Re: Character Encoding Detection
In the past, people who were looking for a C/C++ library that could to guess** a text file's character encoding, would often be referred to Mozilla's Universal Charset Detector. AFAIK, Mozilla stopped maintaining this library many years ago, however, it seems to have been continued on GitHub:
https://github.com/Joungkyun/libchardet -- this is the upstream for several Linux distros, and I believe it still compiles on Windows (though perhaps now requiring MinGW).
** I say "guess" because it is impossible to determine an arbitrary text file's character encoding with 100% accuracy. It is entirely possible for a given byte sequence to decode to valid character sequences under multiple encodings. Mozilla UCD use heuristics / statistics to make an educated guess, but it is still just a guess.

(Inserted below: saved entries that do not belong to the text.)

theorem proposition5p1:
  fixes n Nd N Mag :: nat
    and Msp :: "real vec set" and T :: "real vec \<Rightarrow> real vec"
    and d :: "nat \<Rightarrow> real vec \<Rightarrow> real"
    and xs ys :: "nat \<Rightarrow> real vec"
    and idx :: "nat \<Rightarrow> nat list" and idxs :: "nat list"
    and E :: "(nat \<times> nat) set"
    and C Dm Em :: "nat \<Rightarrow> nat \<Rightarrow> real mat"
    and ps :: "nat list" and l j i :: nat
  assumes "Msp \<subseteq> carrier_vec n"
    and "\<forall>x \<in> Msp. T x \<in> Msp"
    and "\<forall>p < N. xs p \<in> Msp \<and> ys p = T (xs p)"
    and "full_col_rank (dict_mat d Nd xs N)"
    and "full_col_rank (dict_mat d Nd ys N)"
    and "\<forall>a < Mag. set (idx a) \<subseteq> {..<N}"
    and "(\<Union>a < Mag. row_pairs (local_mat d Nd xs (idx a)) (local_mat d Nd ys (idx a)))
         = row_pairs (dict_mat d Nd xs N) (dict_mat d Nd ys N)"
    and "set idxs \<subseteq> {..<N}"
    and "full_col_rank (local_mat d Nd xs idxs)"
    and "full_col_rank (local_mat d Nd ys idxs)"
    and "\<forall>a < Mag. row_pairs (local_mat d Nd xs idxs) (local_mat d Nd ys idxs)
                  \<subseteq> row_pairs (local_mat d Nd xs (idx a)) (local_mat d Nd ys (idx a))"
    and "E \<subseteq> {..<Mag} \<times> {..<Mag}"
    and "pssd_exec Mag E Nd (\<lambda>a. local_mat d Nd xs (idx a)) (\<lambda>a. local_mat d Nd ys (idx a)) C Dm Em"
    and "dir_path {..<Mag} E ps l j i"
  shows "\<forall>k q. 1 \<le> k \<longrightarrow> k + l \<le> q \<longrightarrow>
           rng (C q i) \<subseteq> rng (C k j) \<and>
           rng (local_mat d Nd xs (idx j) * C q i) = rng (local_mat d Nd ys (idx j) * C q i)"
proof -
  let ?X = "\<lambda>a. local_mat d Nd xs (idx a)" and ?Y = "\<lambda>a. local_mat d Nd ys (idx a)"
  let ?Xs = "local_mat d Nd xs idxs" and ?Ys = "local_mat d Nd ys idxs"
  note carrier = local_mat_carrier[of d Nd]
  have inj_Xs: "inj_mat ?Xs" and inj_Ys: "inj_mat ?Ys"
    using assms(9,10) by (auto intro: full_col_rank_imp_inj_mat)
  have sig: "?Xs *\<^sub>v u = ?Ys *\<^sub>v w" if "a < Mag" "?X a *\<^sub>v u = ?Y a *\<^sub>v w" for a u w
    using assms(11) that carrier by (blast intro: mult_vec_eq_if_row_pairs_subset)
  interpret pssd_run Mag E Nd ?X ?Y C Dm Em "\<lambda>a. length (idx a)"
    using assms(11,13) carrier inj_Xs inj_Ys by unfold_locales (blast intro: inj_mat_if_row_pairs_subset)+
  have j: "j < Mag" and i: "i < Mag"
    using dir_path_ends[OF assms(14)] by auto
  show ?thesis
  proof (intro allI impI conjI)
    fix k q assume k: "1 \<le> k" and q: "k + l \<le> q"
    show sub: "rng (C q i) \<subseteq> rng (C k j)"
      by (rule rng_C_dir_path[OF assms(14) q])
    have U': "rng (C k j) \<subseteq> carrier_vec Nd"
      using rng_subset_carrier[of "C k j"] unfolding carrier_matD(1)[OF C_carrier[OF j]] .
    have "1 \<le> q"
      using k q by simp
    note im_i = local_images_eq[OF this i] and im_j = local_images_eq[OF k j]
    show "rng (?X j * C q i) = rng (?Y j * C q i)"
      unfolding rng_mult[OF carrier C_carrier[OF i]]
      by (rule image_eq_transfer[OF carrier carrier inj_Xs inj_Ys sub U' sig[OF i] sig[OF j] im_i im_j])
  qed
qed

Folks who are interested in charset detection might be curious to poke inside the source code of Mozilla UCD, to see how others approached the problem.
Re: Byte-order-marks (BOMs)
BOMs are a way to unambiguously indicate the encoding of a text file. At first glance, that sounds great. But in practice they can often be more trouble than they're worth:
- UTF-8 files are not required to have a BOM, and many (if not most) do not. UTF-16 and UTF-32 files are "required" to have a BOM, but the BOM can be either big-endian or little-endian, and some software will write UTF-16 without a BOM.
- BOMs can be a nuisance, because they are not always handled correctly by software. For example, if you concatenate two files:
Linux....
cat file1_with_bom.txt file2_with_bom.txt > combined.txt
Windows
copy file1_with_bom.txt + file2_with_bom.txt combined.txt
...then the BOM from file2.txt will be included in the middle of combined.txt, which can cause problems for software that is not expecting it -- and plenty of programs are not expecting it.
- Similar issues can arise when combining files programmatically. For example Python is able to automatically detect/remove a BOM when reading a Unicode text file
if you open the file with a "-sig" encoding (e.g.
encoding="utf-8-sig"). Otherwise the BOM will be included as characters in the string that is read from the file, and it is the programmer's responsibility to remove it if necessary, which they often do not know they need to do. The situation is similar, though often slightly different, for other programming languages.
Some text editors mishandle BOMs, even if the only BOM in the file is correctly placed at the beginning. All this considered, I prefer to not use BOMs except maybe in controlled circumstances where all software that produces and consumes the files are known to be compliant and compatible with them. This would not be the case with AutoHotkey scripts (IMO), where users typically expect to be able to use their preferred text editor to edit scripts -- which might be any one of dozens of different programs -- and to be able to send those scripts as attachments to other people, who might be using some other text editor that might have differing support for BOMs.